1. First, what is your sense of what is meant by "controlling for?" That is, how do you think that process works?

You take the group of people you would like to study- perhaps women who are avoiding pregnancy between the ages of 25 and 30, representing a cross section of the population, and divide it in half. Half take the EC, half don't, and you study the results.

quote:
2. Secondly, do you have the same concerns about heart medications (and why or why not)?
Well, medication for heart conditions could be studied amongst a cross section of the population that shares the same observable condition. Also, medications for heart conditions are easily regulated (unless you are talking about emergency medications), with the patients taking the same pill at the same time, every day. It's much easier to determine long term outcomes because either the patients die earlier or later, proving that the medication is either working or not working. If you were trying to determine what the mechanism of the medication was, you could have concrete ways of studying that, by looking at the long term effects of the medication on various aspects of health.

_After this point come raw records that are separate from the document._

lemma sum_softmax: "(\<Sum>y\<in>Y. softmax Y u y) = 1"
  using sum_exp_pos[of u] by (simp add: softmax_def flip: sum_divide_distrib)

lemma ln_softmax: "ln (softmax Y u y) = u y - ln (\<Sum>z\<in>Y. exp (u z))"
  using sum_exp_pos[of u] by (simp add: softmax_def ln_div)

lemma KL_div_softmax_eq_ln_centered_mgf:
  "KL_div Y (softmax Y u) (softmax Y v) =
     ln (\<Sum>y\<in>Y. softmax Y u y * exp (v y - u y - (\<Sum>z\<in>Y. softmax Y u z * (v z - u z))))"
proof -
  define Zu where "Zu = (\<Sum>y\<in>Y. exp (u y))"
  define Zv where "Zv = (\<Sum>y\<in>Y. exp (v y))"
  define m where "m = (\<Sum>z\<in>Y. softmax Y u z * (v z - u z))"
  have Zu: "0 < Zu" and Zv: "0 < Zv" unfolding Zu_def Zv_def by (fact sum_exp_pos)+
  have mgf: "(\<Sum>y\<in>Y. softmax Y u y * exp (v y - u y - m)) = exp (- m) / Zu * Zv"
  proof -
    have "softmax Y u y * exp (v y - u y - m) = exp (- m) / Zu * exp (v y)" for y
      by (simp add: softmax_def Zu_def exp_diff exp_minus exp_add field_simps)
    then show ?thesis unfolding Zv_def by (simp only: sum_distrib_left)
  qed
  have "KL_div Y (softmax Y u) (softmax Y v) = (\<Sum>y\<in>Y. softmax Y u y * (u y - v y - ln Zu + ln Zv))"
    unfolding KL_div_def
    by (intro sum.cong refl) (simp add: ln_divide_pos[OF softmax_pos softmax_pos] ln_softmax Zu_def Zv_def)
  also have "\<dots> = (\<Sum>y\<in>Y. softmax Y u y * (u y - v y)) + (ln Zv - ln Zu) * (\<Sum>y\<in>Y. softmax Y u y)"
    unfolding sum_distrib_left sum.distrib[symmetric] by (intro sum.cong refl) (simp add: algebra_simps)
  also have "(\<Sum>y\<in>Y. softmax Y u y * (u y - v y)) = - m"
    unfolding m_def sum_negf[symmetric] by (intro sum.cong refl) (simp add: algebra_simps)
  also have "- m + (ln Zv - ln Zu) * (\<Sum>y\<in>Y. softmax Y u y) = ln (exp (- m) / Zu * Zv)"
    using Zu Zv by (simp add: sum_softmax ln_mult ln_div)
  finally show ?thesis unfolding m_def[symmetric] mgf .
qed

lemma KL_div_softmax_le: "KL_div Y (softmax Y u) (softmax Y v) \<le> (\<Sum>y\<in>Y. (u y - v y)\<^sup>2) / 2"
proof -
  define R where "R = sqrt (\<Sum>y\<in>Y. (u y - v y)\<^sup>2)"
  have R_sq: "R\<^sup>2 = (\<Sum>y\<in>Y. (u y - v y)\<^sup>2)" by (simp add: R_def sum_nonneg)
  have "v y - u y \<in> {-R..R}" if "y \<in> Y" for y
  proof -
    have "(v y - u y)\<^sup>2 \<le> (\<Sum>y\<in>Y. (u y - v y)\<^sup>2)"
      using member_le_sum[of y Y "\<lambda>y. (u y - v y)\<^sup>2"] finite_Y that by (simp add: power2_commute)
    then have "\<bar>v y - u y\<bar> \<le> R" unfolding R_def by (intro real_le_rsqrt) simp
    then show ?thesis by (simp add: abs_le_iff)
  qed
  then have "(\<Sum>y\<in>Y. softmax Y u y * exp (v y - u y - (\<Sum>z\<in>Y. softmax Y u z * (v z - u z))))
      \<le> exp ((R - - R)\<^sup>2 / 8)"
    by (intro Hoeffdings_lemma_finite_sum[where X = "\<lambda>y. v y - u y"] finite_Y sum_softmax
        softmax_pos[THEN less_imp_le])
  also have "(R - - R)\<^sup>2 / 8 = (\<Sum>y\<in>Y. (u y - v y)\<^sup>2) / 2"
    unfolding R_sq[symmetric] by (simp add: power2_eq_square field_simps)
  finally have "ln (\<Sum>y\<in>Y. softmax Y u y * exp (v y - u y - (\<Sum>z\<in>Y. softmax Y u z * (v z - u z))))
      \<le> ln (exp ((\<Sum>y\<in>Y. (u y - v y)\<^sup>2) / 2))"
    by (rule ln_mono) (auto intro!: sum_pos[OF finite_Y Y_nonempty] mult_pos_pos softmax_pos)
  then show ?thesis unfolding KL_div_softmax_eq_ln_centered_mgf by simp
qed

lemma KL_div_softmax_ge:
  fixes u v :: "'y \<Rightarrow> real"
  assumes "(\<Sum>y\<in>Y. u y - v y) = 0" "0 < \<tau>"
    and "\<And>y. y \<in> Y \<Longrightarrow> \<tau> \<le> softmax Y u y" "\<And>y. y \<in> Y \<Longrightarrow> \<tau> \<le> softmax Y v y"
  shows "\<tau> * (\<Sum>y\<in>Y. (u y - v y)\<^sup>2) \<le> 2 * KL_div Y (softmax Y u) (softmax Y v)"
proof -
  have "ln (softmax Y u y) - ln (softmax Y v y) =
      u y - v y - (ln (\<Sum>z\<in>Y. exp (u z)) - ln (\<Sum>z\<in>Y. exp (v z)))" for y
    by (simp add: ln_softmax)
  then have "(\<Sum>y\<in>Y. (u y - v y)\<^sup>2) \<le> (\<Sum>y\<in>Y. (ln (softmax Y u y) - ln (softmax Y v y))\<^sup>2)"
    using sum_sq_le_sum_sq_diff_const[OF assms(1)] by presburger
  then have "\<tau> * (\<Sum>y\<in>Y. (u y - v y)\<^sup>2)
      \<le> \<tau> * (\<Sum>y\<in>Y. (ln (softmax Y u y) - ln (softmax Y v y))\<^sup>2)"
    using assms(2) by simp
  also have "\<dots> \<le> 2 * KL_div Y (softmax Y u) (softmax Y v)"
    using assms by (intro KL_div_ge_sq_ln_diff) (simp_all add: sum_softmax)
  finally show ?thesis .
qed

But with EC, each patient in the study group would only use the medication once or twice, and the chances of implantation of a fertilized egg are not extremely high in all cases to begin with. I understand that you could see a statistical effect for EC in a large study, but how could you use the study to pinpoint the mechanisms of EC, given other factors? Maybe I'm just don't have a statistician's training, so the answer could be obvious, but I don't see it.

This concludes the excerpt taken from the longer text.